*WHAT IS NEEDED*:
Please reproduce, exactly and in full, the lines running from the one that contains "theory Defs" to the end of the entries.

BEGIN

(* (a) If $\chi,\chi'\in M_{\mathbb{R}}$ differ by a real multiple of $\tau_d$, then $(r,p)(\chi)=(r,p)(\chi')$. (b) Let $\chi\in M$ be a weight, let $w\in\mathfrak{S}_d$, and let $\delta\in M_{\mathbb{R}}^{\mathfrak{S}_d}$ be a Weyl-invariant real weight. Then \[(r,p)(\chi+\rho+\delta)=(r,p)(w*\chi+\rho+\delta),\] where $w*\chi:=w(\chi+\rho)-\rho$.
   Context: Let $Q=(I,E)$ be a symmetric quiver (for all $i,j\in I$ the number of arrows $i\to j$ equals the number of arrows $j\to i$), with source and target maps $s,t:E\to I$. Fix $d=(d_i)_{i\in I}\in\mathbb{N}^I$. Let $R(d)=\bigoplus_{a\in E}\mathrm{Hom}(\mathbb{C}^{d_{s(a)}},\mathbb{C}^{d_{t(a)}})$ with $G(d)=\prod_{i\in I}GL(d_i)$ acting by conjugation. Standing assumption: the subquiver $Q^d$ of $Q$ with vertex set $\{i\in I: d_i\neq 0\}$ is connected and is not the quiver with one vertex and no arrows. Let $T(d)$ be the diagonal maximal torus, with weight lattice $M=\bigoplus_{i\in I,1\le j\le d_i}\mathbb{Z}\beta^i_j$ and $M_{\mathbb{R}}=M\otimes\mathbb{R}$. Let $\mathcal{W}$ be the multiset of $T(d)$-weights of $R(d)$: for each arrow $a:i\to j$ and each $1\le x\le d_i$, $1\le y\le d_j$, the weight $\beta^j_y-\beta^i_x$. Let $\tau_d:=\big(\sum_{i,j}\beta^i_j\big)/\big(\sum_i d_i\big)$. Define the region $\mathbb{W}:=\sum_{\beta\in\mathcal{W}}[0,\beta]+\mathbb{R}\tau_d\subset M_{\mathbb{R}}$ (Minkowski sum, one segment for each element of the multiset). For $\chi\in M_{\mathbb{R}}$, the $r$-invariant $r(\chi)$ is the smallest real $r\ge 0$ with $\chi\in r\mathbb{W}$. If $r(\chi)=r$, then $\chi=\sum_{\beta\in\mathcal{W}}c_\beta\beta+c\tau_d$ with $c\in\mathbb{R}$ and $-r\le c_\beta\le 0$ (one coefficient for each element of the multiset); the $p$-invariant $p(\chi)$ is the smallest number of coefficients $c_\beta$ equal to $-r$ among all such expressions, and $(r,p)(\chi):=(r(\chi),p(\chi))$. The Weyl group $\mathfrak{S}_d=\prod_{i\in I}\mathfrak{S}_{d_i}$ acts on $M_{\mathbb{R}}$ by $w\cdot\beta^i_j=\beta^i_{w^i(j)}$; $M_{\mathbb{R}}^{\mathfrak{S}_d}$ denotes the invariants. The positive roots of $G(d)$ are $\beta^i_a-\beta^i_b$ for $i\in I$ and $a<b$, and $\rho$ is half their sum. *)

theory Defs
  imports Complex_Main "HOL-Combinatorics.Permutations"
begin

text \<open>A quiver is given by a finite vertex set I, a finite arrow set E and
source/target maps s, t. A real weight in M_R is a function on the index set
of basis vectors beta^i_j (i in I, 1 <= j <= d i), extended by zero.\<close>

definition Bidx :: "'v set \<Rightarrow> ('v \<Rightarrow> nat) \<Rightarrow> ('v \<times> nat) set" where
  "Bidx I d = {(i, j). i \<in> I \<and> 1 \<le> j \<and> j \<le> d i}"

definition MR :: "'v set \<Rightarrow> ('v \<Rightarrow> nat) \<Rightarrow> ('v \<times> nat \<Rightarrow> real) set" where
  "MR I d = {\<chi>. \<forall>k. k \<notin> Bidx I d \<longrightarrow> \<chi> k = 0}"

definition Mlat :: "'v set \<Rightarrow> ('v \<Rightarrow> nat) \<Rightarrow> ('v \<times> nat \<Rightarrow> real) set" where
  "Mlat I d = {\<chi> \<in> MR I d. \<forall>k. \<chi> k \<in> \<int>}"

definition beta :: "'v \<Rightarrow> nat \<Rightarrow> ('v \<times> nat \<Rightarrow> real)" where
  "beta i j = (\<lambda>k. if k = (i, j) then 1 else 0)"

text \<open>Index set of the multiset of T(d)-weights of R(d).\<close>
definition Widx :: "'e set \<Rightarrow> ('e \<Rightarrow> 'v) \<Rightarrow> ('e \<Rightarrow> 'v) \<Rightarrow> ('v \<Rightarrow> nat) \<Rightarrow> ('e \<times> nat \<times> nat) set" where
  "Widx E s t d = {(a, x, y). a \<in> E \<and> 1 \<le> x \<and> x \<le> d (s a) \<and> 1 \<le> y \<and> y \<le> d (t a)}"

definition wt :: "('e \<Rightarrow> 'v) \<Rightarrow> ('e \<Rightarrow> 'v) \<Rightarrow> 'e \<times> nat \<times> nat \<Rightarrow> ('v \<times> nat \<Rightarrow> real)" where
  "wt s t w = (case w of (a, x, y) \<Rightarrow> (\<lambda>k. beta (t a) y k - beta (s a) x k))"

definition tau :: "'v set \<Rightarrow> ('v \<Rightarrow> nat) \<Rightarrow> ('v \<times> nat \<Rightarrow> real)" where
  "tau I d = (\<lambda>k. (\<Sum>(i, j)\<in>Bidx I d. beta i j k) / real (\<Sum>i\<in>I. d i))"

END

*RESPONSE AREA*:
theory Defs
  imports Complex_Main "HOL-Combinatorics.Permutations"
begin

text \<open>A quiver is given by a finite vertex set I, a finite arrow set E and
source/target maps s, t. A real weight in M_R is a function on the index set
of basis vectors beta^i_j (i in I, 1 <= j <= d i), extended by zero.\<close>

definition Bidx :: "'v set \<Rightarrow> ('v \<Rightarrow> nat) \<Rightarrow> ('v \<times> nat) set" where
  "Bidx I d = {(i, j). i \<in> I \<and> 1 \<le> j \<and> j \<le> d i}"

definition MR :: "'v set \<Rightarrow> ('v \<Rightarrow> nat) \<Rightarrow> ('v \<times> nat \<Rightarrow> real) set" where
  "MR I d = {\<chi>. \<forall>k. k \<notin> Bidx I d \<longrightarrow> \<chi> k = 0}"

definition Mlat :: "'v set \<Rightarrow> ('v \<Rightarrow> nat) \<Rightarrow> ('v \<times> nat \<Rightarrow> real) set" where
  "Mlat I d = {\<chi> \<in> MR I d. \<forall>k. \<chi> k \<in> \<int>}"

definition beta :: "'v \<Rightarrow> nat \<Rightarrow> ('v \<times> nat \<Rightarrow> real)" where
  "beta i j = (\<lambda>k. if k = (i, j) then 1 else 0)"

text \<open>Index set of the multiset of T(d)-weights of R(d).\<close>
definition Widx :: "'e set \<Rightarrow> ('e \<Rightarrow> 'v) \<Rightarrow> ('e \<Rightarrow> 'v) \<Rightarrow> ('v \<Rightarrow> nat) \<Rightarrow> ('e \<times> nat \<times> nat) set" where
  "Widx E s t d = {(a, x, y). a \<in> E \<and> 1 \<le> x \<and> x \<le> d (s a) \<and> 1 \<le> y \<and> y \<le> d (t a)}"

definition wt :: "('e \<Rightarrow> 'v) \<Rightarrow> ('e \<Rightarrow> 'v) \<Rightarrow> 'e \<times> nat \<times> nat \<Rightarrow> ('v \<times> nat \<Rightarrow> real)" where
  "wt s t w = (case w of (a, x, y) \<Rightarrow> (\<lambda>k. beta (t a) y k - beta (s a) x k))"

definition tau :: "'v set \<Rightarrow> ('v \<Rightarrow> nat) \<Rightarrow> ('v \<times> nat \<Rightarrow> real)" where
  "tau I d = (\<lambda>k. (\<Sum>(i, j)\<in>Bidx I d. beta i j k) / real (\<Sum>i\<in>I. d i))"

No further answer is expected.